Please examine the following:

Appendix A: Global Learning Objectives for Each Type of ISGE Course Method (2 pages, pink)

Appendix B: Sample Learning Objectives for Modules and Science Case Studies (4 pages, yellow)

Appendix C: Typical Quarter Assignments & Expectations for Sci/CSA 250 (1 page, red)

IV. Instructional Resources: Text, Readings, Software, and Internet Resources:

There currently is no text for this course. Its integration of subject matter is unique and cannot be found in any current publication. Trefil and Hazen, for example, do not use the systems mechanisms as Integrative Themes. In fact, W.H. Freeman has asked us to develop a text to compete with Trefil and Hazen. Five publication houses have traveled to Cal Poly to see demonstrations of the courseware and expressed interest in publishing a text and CD-ROM based on its integration. The most attractive offer to date was suggested by the President (now Chairman) of W.H. Freeman, publisher of Scientific American.

Student Study Guides of 20 to 30 pages each support most of the early ISGE Computerized Modules. These will be available for student purchase at the CPP Copy Center at nominal cost.

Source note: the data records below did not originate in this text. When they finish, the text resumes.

lemma char_poly_mult_commute:
  fixes A :: "'a::idom mat"
  assumes A: "A \<in> carrier_mat n m" and B: "B \<in> carrier_mat m n"
  shows "[:0, 1:] ^ m * char_poly (A * B) = [:0, 1:] ^ n * char_poly (B * A)"
proof -
  define P where "P = map_mat (\<lambda>a. [:a:] * [:- 1:]) A"
  define Q where "Q = map_mat (\<lambda>a. [:a:]) B"
  have neg_const: "(\<lambda>a::'a. [:a:] * [:- 1:]) = (\<lambda>a. [:- a:])" by auto
  have "char_poly (A * B) = det ([:0, 1:] \<cdot>\<^sub>m 1\<^sub>m n + P * Q)"
    using A B map_poly_mult(2)[OF A B, of "[:- 1:]"]
    unfolding char_poly_defs P_def Q_def neg_const by simp
  moreover have "char_poly (B * A) = det ([:0, 1:] \<cdot>\<^sub>m 1\<^sub>m m + Q * P)"
    using A B map_poly_mult(3)[OF B A, of "[:- 1:]"]
    unfolding char_poly_defs P_def Q_def neg_const by simp
  moreover have "P \<in> carrier_mat n m" "Q \<in> carrier_mat m n"
    using A B unfolding P_def Q_def by auto
  ultimately show ?thesis using det_scalar_add_mult_commute by metis
qed

lemma order_zero_char_poly_mult_commute:
  fixes A :: "'a::idom mat"
  assumes A: "A \<in> carrier_mat n m" and B: "B \<in> carrier_mat m n"
  shows "m + Polynomial.order 0 (char_poly (A * B)) = n + Polynomial.order 0 (char_poly (B * A))"
proof -
  have "char_poly (A * B) \<noteq> 0" "char_poly (B * A) \<noteq> 0"
    using degree_monic_char_poly[of "A * B" n] degree_monic_char_poly[of "B * A" m] A B by auto
  then have "Polynomial.order 0 ([:0, 1:] ^ m * char_poly (A * B))
      = m + Polynomial.order 0 (char_poly (A * B))"
    and "Polynomial.order 0 ([:0, 1:] ^ n * char_poly (B * A))
      = n + Polynomial.order 0 (char_poly (B * A))"
    by (simp_all add: order_mult order_linear_power)
  then show ?thesis using char_poly_mult_commute[OF A B] by simp
qed

definition mat_trace :: "'a::comm_ring_1 mat \<Rightarrow> 'a" where
  "mat_trace A = (\<Sum>i<dim_row A. A $$ (i, i))"

lemma mat_trace_mult_commute:
  assumes A: "A \<in> carrier_mat n m" and B: "B \<in> carrier_mat m n"
  shows "mat_trace (A * B) = mat_trace (B * A)"
proof -
  have "mat_trace (A * B) = (\<Sum>i<n. \<Sum>j<m. A $$ (i, j) * B $$ (j, i))"
    using A B by (simp add: mat_trace_def scalar_prod_def atLeast0LessThan)
  also have "\<dots> = (\<Sum>j<m. \<Sum>i<n. B $$ (j, i) * A $$ (i, j))"
    by (subst sum.swap) (simp add: mult.commute)
  also have "\<dots> = mat_trace (B * A)"
    using A B by (simp add: mat_trace_def scalar_prod_def atLeast0LessThan)
  finally show ?thesis .
qed

lemma mat_trace_similar:
  assumes "similar_mat_wit A B P Q"
  shows "mat_trace A = mat_trace B"
proof -
  obtain n where carrier: "{A, B, P, Q} \<subseteq> carrier_mat n n" and "Q * P = 1\<^sub>m n"
    and "A = P * B * Q"
    using similar_mat_witD[OF refl assms] by blast
  then have "mat_trace A = mat_trace (Q * (P * B))"
    by (metis insert_subset mat_trace_mult_commute mult_carrier_mat)
  also have "Q * (P * B) = B"
    using carrier \<open>Q * P = 1\<^sub>m n\<close> by (auto simp: assoc_mult_mat[symmetric, of Q n n P n B n])
  finally show ?thesis .
qed

lemma mat_trace_eq_sum_list_diag_mat: "mat_trace A = sum_list (diag_mat A)"
  by (simp add: mat_trace_def diag_mat_def sum_list_distinct_conv_sum_set atLeast0LessThan)

lemma mat_trace_eq_sum_list_eigenvalues:
  fixes A :: "'a::conjugatable_ordered_field mat"
  assumes A: "A \<in> carrier_mat n n" and factorized: "char_poly A = (\<Prod>r\<leftarrow>rs. [:- r, 1:])"
  shows "mat_trace A = sum_list rs"
proof -
  obtain B P Q where "schur_decomposition A rs = (B, P, Q)" by (cases "schur_decomposition A rs")
  with schur_decomposition[OF A factorized] have "similar_mat_wit A B P Q" and "diag_mat B = rs"
    by auto
  then show ?thesis using mat_trace_similar mat_trace_eq_sum_list_diag_mat by metis
qed

lemma char_poly_factorized_real:
  fixes A :: "real mat"
  assumes A: "A \<in> carrier_mat n n"
    and real_spectrum: "\<And>a. eigenvalue (map_mat complex_of_real A) a \<Longrightarrow> a \<in> \<real>"
  shows "\<exists>rs. char_poly A = (\<Prod>r\<leftarrow>rs. [:- r, 1:]) \<and> length rs = n"
proof -
  interpret of_real_poly: map_poly_inj_idom_hom complex_of_real ..
  let ?Ac = "map_mat complex_of_real A"
  have Ac: "?Ac \<in> carrier_mat n n" using A by simp
  obtain as where as: "char_poly ?Ac = (\<Prod>a\<leftarrow>as. [:- a, 1:])" "length as = n"
    using char_poly_factorized[OF Ac] by blast
  have "a \<in> \<real>" if "a \<in> set as" for a
    using that real_spectrum eigenvalue_root_char_poly[OF Ac]
    by (auto simp: as(1) poly_prod_list_zero_iff)
  then have as_real: "map (complex_of_real \<circ> Re) as = as"
    by (intro map_idI) (auto elim: Reals_cases)
  have "map_poly complex_of_real (char_poly A) = char_poly ?Ac"
    using of_real_hom.char_poly_hom[OF A] by (rule sym)
  also have "\<dots> = (\<Prod>a\<leftarrow>map complex_of_real (map Re as). [:- a, 1:])"
    unfolding as(1) map_map as_real ..
  also have "\<dots> = map_poly complex_of_real (\<Prod>r\<leftarrow>map Re as. [:- r, 1:])"
    by (simp add: of_real_poly.hom_prod_list o_def)
  finally have "char_poly A = (\<Prod>r\<leftarrow>map Re as. [:- r, 1:])"
    by (simp add: of_real_poly.eq_iff)
  with as(2) show ?thesis by (metis length_map)
qed

lemma length_mult_le_sum_list:
  fixes xs :: "real list"
  assumes "\<And>x. x \<in> set xs \<Longrightarrow> c \<le> x"
  shows "real (length xs) * c \<le> sum_list xs"
  using assms by (induction xs) (auto simp: algebra_simps intro: add_mono)

lemma length_mult_less_sum_list:
  fixes xs :: "real list"
  assumes "\<And>x. x \<in> set xs \<Longrightarrow> c \<le> x" and "y \<in> set xs" and "c < y"
  shows "real (length xs) * c < sum_list xs"
  using assms
proof (induction xs)
  case (Cons x xs)
  show ?case
  proof (cases "y = x")
    case True
    then show ?thesis using Cons.prems length_mult_le_sum_list[of xs c] by (auto simp: algebra_simps)
  next
    case False
    then show ?thesis using Cons by (auto simp: algebra_simps intro: add_le_less_mono)
  qed
qed simp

The courseware is currently available on a CD-ROM at no charge to CPP students. It will also be available for download or use on the Internet via a server in CLA C5-8. When sufficient material is produced and all copyright agreements are finalized, Internet access to ISGE will be by subscription or purchase of a DVD in place of a text, or with a text.

Most ISGE Modules include a learning feature for further exploration that guides students to pertinent Internet sites produced by scientists from the seven disciplines covered. The Integrated Science Internet Selections (I.S.I.S. Gateway) alerts students to these special specific sites as they move through the ISGE curriculum. Each site is an extension of material the student has just covered and is linked to ISGE to allow them further exploration of related material. The Institute for Advanced Systems Studies also maintains a Popular Science Library in CLA C5-8 containing many popular science books from each of the seven sciences. Both of these provide students examples of the opportunity for lifelong reading and learning.

V. Minimum Student Materials:

It is helpful, but not necessary, for students to possess a CD-ROM or DVD-ROM-capable home or laptop computer. In the absence of this, students may use any “open” university computer lab, or the dedicated ISGE lab CLA C5-8. ISGE will also be available over the Internet for dissemination to other CSU campuses.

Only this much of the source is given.